La procédure de l’abus de droit fiscal
Une procédure spéciale. La procédure d’abus de droit fiscal autorise un inspecteur des finances publiques à écarter, comme ne lui étant pas opposables, des actes de nature fictive ou qui, bien que licites, n’ont pour seul et unique but que celui d’atténuer ou d’éluder les impôts qui seraient dus en pratique par le contribuable, personne physique ou morale (LPF art. 64).
Des sanctions lourdes. En plus de l’application de l’intérêt de retard, la pénalité applicable est de 40 % si l’abus de droit est établi. Elle est portée à 80 % si l’administration établit que l’entreprise ou le particulier est l’instigateur principal ou le bénéficiaire principal de l’abus de droit.
Quels actes ?
À l’occasion d’un contrôle fiscal, l’inspecteur n’a à ce jour la possibilité de recourir à la procédure d’abus de droit fiscal que dans deux situations.
Les actes fictifs. Ces actes constituent en réalité une simulation destinée à tromper l’administration fiscale : par le biais en particulier d’un acte dans lequel un élément de l’opération fait défaut (p. ex. un bail dont le loyer n’est jamais payé) ou d’un acte auquel est donnée une autre qualification juridique artificielle (une vente sans contrepartie réelle qui s’analyse comme une donation déguisée) ; ou par l’interposition d’une personne, voire d’un acte réalisé par l’intermédiaire d’un prête-nom.
Les actes ayant un but exclusivement fiscal... Ces actes bien que licites s’apparentent à une fraude dans la mesure où le contribuable est censé ne poursuivre qu’un seul et unique but, à savoir celui d’atténuer ou d’éluder la charge fiscale qui aurait, normalement, due être la sienne en l’absence de ces actes. Cet objectif exclusif peut prendre la forme d’une réduction d’une dette fiscale, de la perception indue d’un crédit d’impôt ou de l’augmentation abusive d’une situation déficitaire.

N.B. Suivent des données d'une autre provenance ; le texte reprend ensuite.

(* Let $H=(V,E)$ be a graph. (1) Let $\alpha=(\alpha(x))_{x\in V}$ be integers with $\alpha(x)\ge 2$ and let $G$ be $\alpha$-suspended over $H$. If $H$ has a Hamiltonian path, then $G$ has a Hamiltonian path. (2) Let $\ell\ge1$ and let $G$ be $\ell$-suspended over $H$. If $H$ has a Hamiltonian cycle of even length, then $G$ has a Hamiltonian cycle of even length.
   Context: $G$ is $\alpha$-suspended over $H$ if $G$ is the graph on vertex set $\{(x,i): x\in V, 0\le i\le\alpha(x)\}$ which is the union of the paths $((x,0),(x,1),\dots,(x,\alpha(x)))$ for $x\in V$ and the edges $\{(x,0),(y,0)\}$ and $\{(x,\alpha(x)),(y,\alpha(y))\}$ for all $\{x,y\}\in E$. For $\ell\ge1$, $P_\ell$ is the path on $0,\dots,\ell$ and $H\times P_\ell$ the Cartesian product (vertex set $V\times\{0,\dots,\ell\}$, with $(x,i)\sim(y,j)$ iff ($\{x,y\}\in E$ and $i=j$) or ($x=y$ and $|i-j|=1$)); $G$ is $\ell$-suspended over $H$ if $G$ is a spanning subgraph of $H\times P_\ell$ containing all edges $\{(x,i),(x,i+1)\}$ and all edges $\{(x,0),(y,0)\}$, $\{(x,\ell),(y,\ell)\}$ for $\{x,y\}\in E$. *)

theory Defs
  imports Main
begin

definition graph :: "'v set \<Rightarrow> 'v set set \<Rightarrow> bool" where
  "graph V E \<longleftrightarrow> finite V \<and> (\<forall>e\<in>E. \<exists>x y. e = {x, y} \<and> x \<in> V \<and> y \<in> V \<and> x \<noteq> y)"

definition ham_path :: "'v set \<Rightarrow> 'v set set \<Rightarrow> 'v list \<Rightarrow> bool" where
  "ham_path V E ps \<longleftrightarrow> ps \<noteq> [] \<and> distinct ps \<and> set ps = V \<and>
     (\<forall>i. Suc i < length ps \<longrightarrow> {ps ! i, ps ! Suc i} \<in> E)"

text \<open>A Hamiltonian cycle, given as the cyclic list of its vertices; its length is length ps.\<close>
definition ham_cycle :: "'v set \<Rightarrow> 'v set set \<Rightarrow> 'v list \<Rightarrow> bool" where
  "ham_cycle V E cs \<longleftrightarrow> length cs \<ge> 3 \<and> distinct cs \<and> set cs = V \<and>
     (\<forall>i. Suc i < length cs \<longrightarrow> {cs ! i, cs ! Suc i} \<in> E) \<and> {last cs, hd cs} \<in> E"

definition susp_vertices :: "'v set \<Rightarrow> ('v \<Rightarrow> nat) \<Rightarrow> ('v \<times> nat) set" where
  "susp_vertices V \<alpha> = {(x, i). x \<in> V \<and> i \<le> \<alpha> x}"

definition susp_edges :: "'v set \<Rightarrow> 'v set set \<Rightarrow> ('v \<Rightarrow> nat) \<Rightarrow> ('v \<times> nat) set set" where
  "susp_edges V E \<alpha> =
     {{(x, i), (x, Suc i)} | x i. x \<in> V \<and> i < \<alpha> x}
   \<union> {{(x, 0), (y, 0)} | x y. {x, y} \<in> E}
   \<union> {{(x, \<alpha> x), (y, \<alpha> y)} | x y. {x, y} \<in> E}"

definition prod_vertices :: "'v set \<Rightarrow> nat \<Rightarrow> ('v \<times> nat) set" where
  "prod_vertices V l = V \<times> {0..l}"

definition prod_edges :: "'v set \<Rightarrow> 'v set set \<Rightarrow> nat \<Rightarrow> ('v \<times> nat) set set" where
  "prod_edges V E l =
     {{(x, i), (y, i)} | x y i. {x, y} \<in> E \<and> i \<le> l}
   \<union> {{(x, i), (x, Suc i)} | x i. x \<in> V \<and> i < l}"

definition l_suspended :: "('v \<times> nat) set \<Rightarrow> ('v \<times> nat) set set \<Rightarrow> 'v set \<Rightarrow> 'v set set \<Rightarrow> nat \<Rightarrow> bool" where
  "l_suspended VG EG V E l \<longleftrightarrow>
     VG = prod_vertices V l \<and> EG \<subseteq> prod_edges V E l \<and>
     {{(x, i), (x, Suc i)} | x i. x \<in> V \<and> i < l} \<subseteq> EG \<and>
     {{(x, 0), (y, 0)} | x y. {x, y} \<in> E} \<subseteq> EG \<and>
     {{(x, l), (y, l)} | x y. {x, y} \<in> E} \<subseteq> EG"

end

theory Submission
  imports Defs
begin

text \<open>Both Hamiltonian traversals are the same snake: follow the given path or cycle of H and
  run through the column (x, 0), ..., (x, h x) of each of its vertices x, alternately downwards
  and upwards, so that consecutive columns are joined by a top or a bottom copy of an edge of H.
  Nothing depends on the heights.
  For a cycle of even length starting downwards, the snake ends at the top of the last column,
  and the top copy of the closing edge of H closes it; it has length |c| (l + 1), which is even.\<close>

abbreviation walk :: "'a set set \<Rightarrow> 'a list \<Rightarrow> bool" where
  "walk E \<equiv> successively (\<lambda>x y. {x, y} \<in> E)"

lemma ham_path_iff_walk:
  "ham_path V E ps \<longleftrightarrow> ps \<noteq> [] \<and> distinct ps \<and> set ps = V \<and> walk E ps"
  by (simp add: ham_path_def successively_conv_nth)

lemma ham_cycle_iff_ham_path:
  "ham_cycle V E cs \<longleftrightarrow> length cs \<ge> 3 \<and> ham_path V E cs \<and> {last cs, hd cs} \<in> E"
  by (auto simp: ham_cycle_def ham_path_def)

lemma successively_swapped_edge [simp]: "successively (\<lambda>x y. {y, x} \<in> E) xs \<longleftrightarrow> walk E xs"
  by (simp add: insert_commute)

definition column :: "('v \<Rightarrow> nat) \<Rightarrow> 'v \<Rightarrow> ('v \<times> nat) list" where
  "column h x = map (Pair x) [0..<Suc (h x)]"

lemma column_not_Nil [simp]: "column h x \<noteq> []"
  by (simp add: column_def)

lemma hd_column [simp]: "hd (column h x) = (x, 0)"
  by (simp add: column_def hd_map del: upt_Suc)

lemma last_column [simp]: "last (column h x) = (x, h x)"
  by (simp add: column_def last_map del: upt_Suc)

lemma set_column [simp]: "set (column h x) = {x} \<times> {0..h x}"
  by (auto simp: column_def atLeastLessThanSuc_atLeastAtMost simp del: upt_Suc)

lemma distinct_column [simp]: "distinct (column h x)"
  by (simp add: column_def distinct_map inj_on_def del: upt_Suc)

lemma length_column [simp]: "length (column h x) = Suc (h x)"
  by (simp add: column_def)

lemma walk_column:
  assumes "\<And>i. i < h x \<Longrightarrow> {(x, i), (x, Suc i)} \<in> EG"
  shows "walk EG (column h x)"
  using assms by (simp add: column_def successively_map successively_conv_nth del: upt_Suc)

fun snake :: "('v \<Rightarrow> nat) \<Rightarrow> bool \<Rightarrow> 'v list \<Rightarrow> ('v \<times> nat) list" where
  "snake h down [] = []"
| "snake h down (x # xs) =
     (if down then rev (column h x) else column h x) @ snake h (\<not> down) xs"

lemma snake_eq_Nil_iff [simp]: "snake h down p = [] \<longleftrightarrow> p = []"
  by (cases p) auto

lemma set_snake: "set (snake h down p) = susp_vertices (set p) h"
  by (induction p arbitrary: down) (auto simp: susp_vertices_def)

lemma distinct_snake: "distinct p \<Longrightarrow> distinct (snake h down p)"
  by (induction p arbitrary: down) (auto simp: set_snake susp_vertices_def)

lemma length_snake: "length (snake h down p) = (\<Sum>x\<leftarrow>p. Suc (h x))"
  by (induction p arbitrary: down) auto

lemma hd_snake: "p \<noteq> [] \<Longrightarrow> hd (snake h down p) = (hd p, if down then h (hd p) else 0)"
  by (cases p) (auto simp: hd_rev)

lemma last_snake:
  "p \<noteq> [] \<Longrightarrow> last (snake h down p) = (last p, if down = odd (length p) then 0 else h (last p))"
  by (induction p arbitrary: down) (auto simp: last_rev)

lemma walk_snake:
  assumes "walk E p" and "set p \<subseteq> V" and "susp_edges V E h \<subseteq> EG"
  shows "walk EG (snake h down p)"
  using assms(1,2)
proof (induction p arbitrary: down)
  case (Cons x xs)
  have "walk EG (column h x)"
    using Cons.prems(2) assms(3) by (intro walk_column) (auto simp: susp_edges_def)
  moreover have "walk EG (snake h (\<not> down) xs)"
    using Cons.IH Cons.prems by (auto simp: successively_Cons)
  moreover have "{(x, h x), (hd xs, h (hd xs))} \<in> EG" "{(x, 0), (hd xs, 0)} \<in> EG"
    if "xs \<noteq> []"
  proof -
    have "{x, hd xs} \<in> E"
      using that Cons.prems(1) by (simp add: successively_Cons)
    then show "{(x, h x), (hd xs, h (hd xs))} \<in> EG" "{(x, 0), (hd xs, 0)} \<in> EG"
      using assms(3) unfolding susp_edges_def by blast+
  qed
  ultimately show ?case
    by (cases "xs = []") (auto simp: successively_append_iff hd_snake hd_rev last_rev)
qed simp

lemma ham_path_snake:
  assumes "ham_path V E p" and "susp_edges V E h \<subseteq> EG"
  shows "ham_path (susp_vertices V h) EG (snake h down p)"
  using assms walk_snake[of E p V h EG down]
  by (auto simp: ham_path_iff_walk set_snake distinct_snake)

lemma ham_cycle_snake:
  assumes "ham_cycle V E c" and "even (length c)" and "susp_edges V E h \<subseteq> EG"
  shows "ham_cycle (susp_vertices V h) EG (snake h True c)"
proof -
  have c: "length c \<ge> 3" "ham_path V E c" "{last c, hd c} \<in> E"
    using assms(1) by (simp_all add: ham_cycle_iff_ham_path)
  have "length c \<le> length (snake h True c)"
    unfolding length_snake by (induction c) auto
  moreover have "{(last c, h (last c)), (hd c, h (hd c))} \<in> EG"
    using c(3) assms(3) unfolding susp_edges_def by blast
  then have "{last (snake h True c), hd (snake h True c)} \<in> EG"
    using c(1) assms(2) by (simp add: last_snake hd_snake flip: length_greater_0_conv)
  ultimately show ?thesis
    using c ham_path_snake[OF c(2) assms(3)] by (simp add: ham_cycle_iff_ham_path)
qed

lemma l_suspended_vertices: "l_suspended VG EG V E l \<Longrightarrow> VG = susp_vertices V (\<lambda>_. l)"
  unfolding l_suspended_def susp_vertices_def prod_vertices_def by auto

lemma l_suspended_edges_subset: "l_suspended VG EG V E l \<Longrightarrow> susp_edges V E (\<lambda>_. l) \<subseteq> EG"
  unfolding l_suspended_def susp_edges_def by simp

theorem lemma3p3:
  fixes V :: "'v set" and E :: "'v set set"
  assumes "graph V E"
  shows "(\<forall>(\<alpha>::'v \<Rightarrow> nat) VG EG.
            (\<forall>x\<in>V. \<alpha> x \<ge> 2) \<longrightarrow> VG = susp_vertices V \<alpha> \<longrightarrow> EG = susp_edges V E \<alpha> \<longrightarrow>
            (\<exists>p. ham_path V E p) \<longrightarrow> (\<exists>q. ham_path VG EG q))
       \<and> (\<forall>(l::nat) VG EG. l \<ge> 1 \<longrightarrow> l_suspended VG EG V E l \<longrightarrow>
            (\<exists>c. ham_cycle V E c \<and> even (length c)) \<longrightarrow>
            (\<exists>d. ham_cycle VG EG d \<and> even (length d)))"
proof (intro conjI allI impI)
  fix \<alpha> :: "'v \<Rightarrow> nat" and VG EG
  assume VG: "VG = susp_vertices V \<alpha>" and EG: "EG = susp_edges V E \<alpha>"
    and "\<exists>p. ham_path V E p"
  then obtain p where "ham_path V E p"
    by blast
  then have "ham_path VG EG (snake \<alpha> True p)"
    unfolding VG EG by (rule ham_path_snake) simp
  then show "\<exists>q. ham_path VG EG q" ..
next
  fix l :: nat and VG EG
  assume susp: "l_suspended VG EG V E l" and "\<exists>c. ham_cycle V E c \<and> even (length c)"
  then obtain c where c: "ham_cycle V E c" "even (length c)"
    by blast
  let ?d = "snake (\<lambda>_. l) True c"
  have "ham_cycle VG EG ?d"
    unfolding l_suspended_vertices[OF susp]
    using c l_suspended_edges_subset[OF susp] by (rule ham_cycle_snake)
  moreover have "even (length ?d)"
    using c(2) by (simp add: length_snake sum_list_triv)
  ultimately show "\<exists>d. ham_cycle VG EG d \<and> even (length d)"
    by blast
qed

end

... et une fraude aux charges sociales. Le Conseil d’État juge que, pour remettre en cause l’absence de motif autre que celui d’éluder ou d’atténuer ses charges fiscales, le contribuable bénéficiaire d’un montage ayant pour objet, par l’interposition de sociétés, de transformer des revenus de nature salariale en dividendes moins imposés ne peut pas utilement soutenir que ce montage permet également de réduire tout ou partie des charges sociales afférentes à ses revenus salariaux. Cette décision marque une extension du champ d’application de l’abus de droit par fraude à la loi.